Battle of Los Angeles chronology
| ← Previous 2009 | Next → 2011 |

= Battle of Los Angeles (2010) =

2010 professional wrestling tournament by PWG

Battle of Los Angeles (2010) was the sixth Battle of Los Angeles professional wrestling tournament produced by Pro Wrestling Guerrilla (PWG). It was a two-night event held on September 4 and 5, 2010 at the American Legion Post #308 in Reseda, Los Angeles, California.

The tournament concluded with Joey Ryan defeating Chris Hero in the final. Aside from the tournament, several non-tournament matches took place at the event. At the first night, The Cutler Brothers (Brandon Cutler Dustin Cutler) defeated The Young Bucks (Matt Jackson and Nick Jackson) in a tag team match. On night two, ¡Peligro Abejas! (El Generico and Paul London) successfully defended the World Tag Team Championship against Cutler Brothers and The Fightin' Taylor Boys (Brian Cage, Chuck Taylor and Ryan Taylor) defeated Johnny Goodtime, Ricochet and Rocky Romero in a six-man tag team match. The event marked the PWG debut of Ricochet.
==Event==
===Night One===
The 2010 Battle of Los Angeles tournament kicked off with a match between Matt Jackson and Nick Jackson, the two members of The Young Bucks, who interrupted the PWG commissioner Excalibur as he announced the tournament lineup in front of the live crowd. Bucks demanded that the referee Rick Knox count both of them out but Excalibur ordered them to compete because they needed to have a winner.

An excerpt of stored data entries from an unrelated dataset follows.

text \<open>A measurement that yields outcome 0 with certainty on the unit vector u and
  with probability 0 on w forces u and w to be orthogonal: apply the previous
  lemma to E (null vector w) and to I - E (null vector u).\<close>
lemma exact_outcomes_orthogonal:
  assumes fin: "finite I" and povm: "two_outcome_povm I E" and unit: "sqnorm I u = 1"
    and pu: "prob_outcome0 I E u = 1" and pw: "prob_outcome0 I E w = 0"
  shows "cinner I w u = 0"
proof -
  have herm: "\<forall>a\<in>I. \<forall>b\<in>I. E b a = cnj (E a b)"
    and bounds: "\<And>v. 0 \<le> Re (qform I E v) \<and> Re (qform I E v) \<le> sqnorm I v"
    using povm unfolding two_outcome_povm_def by blast+
  have herm': "\<forall>a\<in>I. \<forall>b\<in>I. complement E b a = cnj (complement E a b)"
  proof (intro ballI)
    fix a b assume "a \<in> I" "b \<in> I"
    then have "E b a = cnj (E a b)" using herm by blast
    then show "complement E b a = cnj (complement E a b)"
      unfolding complement_def by simp
  qed
  have Re_complement: "Re (qform I (complement E) v) = sqnorm I v - Re (qform I E v)" for v
    unfolding qform_sform sform_complement[OF fin] cinner_self by simp
  have E_kills_w: "sform I E u w = 0"
    by (rule psd_null_vector_orthogonal[OF herm]) (use bounds pw in \<open>auto simp: prob_outcome0_def\<close>)
  have complement_kills_u: "sform I (complement E) w u = 0"
    by (rule psd_null_vector_orthogonal[OF herm'])
       (use bounds pu unit Re_complement in \<open>auto simp: prob_outcome0_def\<close>)
  have "cinner I w u = sform I E w u"
    using complement_kills_u unfolding sform_complement[OF fin] by simp
  also have "\<dots> = cnj (sform I E u w)"
    by (rule sform_hermitian[OF herm])
  finally show ?thesis
    using E_kills_w by simp
qed

section \<open>Lower bound: fewer than n queries do not suffice\<close>

text \<open>The Fourier transform of the distribution of query words in psi:
  G z = sum over basis vectors a of chi z (word of a) * |psi a|^2.\<close>
definition query_spectrum :: "(nat list \<times> nat) set \<Rightarrow> (nat list \<times> nat \<Rightarrow> complex) \<Rightarrow> bool list \<Rightarrow> complex" where
  "query_spectrum I \<psi> z = (\<Sum>a\<in>I. chi z (fst a) * (cnj (\<psi> a) * \<psi> a))"

lemma finite_basis_idx [simp]: "finite (basis_idx n k d)"
proof -
  have "basis_idx n k d = {L. set L \<subseteq> {0..n} \<and> length L = k} \<times> {..<d}"
    unfolding basis_idx_def by auto
  then show ?thesis by (simp add: finite_lists_length_eq)
qed

lemma basis_idx_word:
  "a \<in> basis_idx n k d \<Longrightarrow> set (fst a) \<subseteq> {0..n} \<and> length (fst a) = k"
  unfolding basis_idx_def by auto

lemma sqnorm_apply_oracle: "sqnorm I (apply_oracle x \<psi>) = sqnorm I \<psi>"
  unfolding sqnorm_def by (simp add: apply_oracle_chi norm_mult)

lemma overlap_oracle_states:
  assumes "x \<in> bitstrings n" "z \<in> bitstrings n"
  shows "cinner (basis_idx n k d) (apply_oracle (bxor x z) \<psi>) (apply_oracle x \<psi>) =
    query_spectrum (basis_idx n k d) \<psi> z"
  unfolding cinner_def query_spectrum_def
proof (intro sum.cong refl)
  fix a assume "a \<in> basis_idx n k d"
  then have "chi x (fst a) * chi (bxor x z) (fst a) = chi z (fst a)"
    using chi_bxor[of x n z "fst a"] assms basis_idx_word by (simp add: bitstrings_def)
  then show "cnj (apply_oracle (bxor x z) \<psi> a) * apply_oracle x \<psi> a =
      chi z (fst a) * (cnj (\<psi> a) * \<psi> a)"
    by (simp add: apply_oracle_chi algebra_simps)
qed

text \<open>An exact algorithm makes the oracle states of inputs with different
  function values orthogonal, so the spectrum vanishes off S_f.\<close>
lemma query_spectrum_vanishes:
  assumes unit: "sqnorm (basis_idx n k d) \<psi> = 1"
    and povm: "two_outcome_povm (basis_idx n k d) E"
    and exact: "\<forall>x \<in> bitstrings n.
      prob_outcome0 (basis_idx n k d) E (apply_oracle x \<psi>) = (if f x then 0 else 1)"
    and z: "z \<in> bitstrings n" "z \<notin> S_f n f"
  shows "query_spectrum (basis_idx n k d) \<psi> z = 0"
proof -
  let ?I = "basis_idx n k d" and ?\<phi> = "\<lambda>x. apply_oracle x \<psi>"
  obtain x where x: "x \<in> bitstrings n" and differ: "f x \<noteq> f (bxor x z)"
    using z unfolding S_f_def by auto
  have y: "bxor x z \<in> bitstrings n"
    using x z by (simp add: bitstrings_def)
  have orth: "cinner ?I (?\<phi> v) (?\<phi> u) = 0"
    if "u \<in> bitstrings n" "v \<in> bitstrings n" "\<not> f u" "f v" for u v
    by (rule exact_outcomes_orthogonal[OF finite_basis_idx povm])
       (use that unit exact in \<open>simp_all add: sqnorm_apply_oracle\<close>)
  have "cinner ?I (?\<phi> (bxor x z)) (?\<phi> x) = 0"
  proof (cases "f x")
    case True
    then have "cinner ?I (?\<phi> x) (?\<phi> (bxor x z)) = 0"
      using orth[OF y x] differ by simp
    then show ?thesis by (subst cinner_swap) simp
  next
    case False
    then show ?thesis using orth[OF x y] differ by simp
  qed
  then show ?thesis
    using overlap_oracle_states[OF x z(1)] by simp
qed

lemma query_spectrum_zero:
  "query_spectrum (basis_idx n k d) \<psi> (replicate n False) = of_real (sqnorm (basis_idx n k d) \<psi>)"
  unfolding query_spectrum_def cinner_self[symmetric] cinner_def
  by (intro sum.cong refl) (simp add: chi_zero basis_idx_word)

lemma count_list_upt:
  assumes "1 \<le> j" "j \<le> n"
  shows "count_list [1..<Suc n] j = 1"
proof -
  have "count_list [1..<Suc n] j = card ({x. j = x} \<inter> set [1..<Suc n])"
    by (simp add: count_list_eq_length_filter distinct_length_filter)
  also have "{x. j = x} \<inter> set [1..<Suc n] = {j}"
    using assms by auto
  finally show ?thesis by simp
qed

text \<open>The Fourier coefficient of the spectrum at the full word [1..n] vanishes
  when every query word has length k < n: each word misses some position j,
  which then occurs exactly once in [1..n] @ word.\<close>
lemma top_coefficient_vanishes:
  assumes "k < n"
  shows "(\<Sum>z\<in>bitstrings n. chi z [1..<Suc n] * query_spectrum (basis_idx n k d) \<psi> z) = 0"
proof -
  let ?I = "basis_idx n k d"
  have "(\<Sum>z\<in>bitstrings n. chi z [1..<Suc n] * query_spectrum ?I \<psi> z) =
      (\<Sum>a\<in>?I. (cnj (\<psi> a) * \<psi> a) * (\<Sum>z\<in>bitstrings n. chi z ([1..<Suc n] @ fst a)))"
    unfolding query_spectrum_def sum_distrib_left chi_append
    by (subst sum.swap) (simp add: algebra_simps)
  also have "\<dots> = 0"
  proof (intro sum.neutral ballI)
    fix a assume a: "a \<in> ?I"
    have "\<not> {1..n} \<subseteq> set (fst a)"
    proof
      assume "{1..n} \<subseteq> set (fst a)"
      then have "card {1..n} \<le> card (set (fst a))"
        by (intro card_mono) auto
      also have "\<dots> \<le> length (fst a)"
        by (rule card_length)
      finally show False using basis_idx_word[OF a] assms by simp
    qed
    then obtain j where j: "1 \<le> j" "j \<le> n" "j \<notin> set (fst a)"
      by (meson atLeastAtMost_iff subsetI)
    then have "odd (count_list ([1..<Suc n] @ fst a) j)"
      unfolding count_list_append count_list_upt[OF j(1,2)] by (simp add: count_list_0_iff)
    then show "(cnj (\<psi> a) * \<psi> a) * (\<Sum>z\<in>bitstrings n. chi z ([1..<Suc n] @ fst a)) = 0"
      using sum_chi_odd_count[OF j(1,2)] by simp
  qed
  finally show ?thesis .
qed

Bucks responded by superkicking Knox and then a second referee Patrick Hernandez stepped in and disqualified both men. The Cutler Brothers (Brandon Cutler and Dustin Cutler) entered the ring to begin an immediate match against Young Bucks. Cutlers hit a double-team kneeling reverse piledriver to Matt for the win.

Next, Brandon Gatson took on Ryan Taylor. Gatson hit a corner splash and delivered a sit-out side powerslam to Taylor for the win.

Next, Joey Ryan took on Chuck Taylor. Ryan delivered That 70's Kick twice to Taylor for the win.

Next, Paul London took on Roderick Strong. Strong delivered a Death From Roderick and a seated big boot to London for the win.

Next, Ricochet made his PWG debut against Claudio Castagnoli. Castagnoli made Ricochet submit to the Neutralizer for the win.

Next, Austin Aries took on Rocky Romero. Aries powered out of a triangle choke by Romero and delivered a brainbuster to Romero for the win.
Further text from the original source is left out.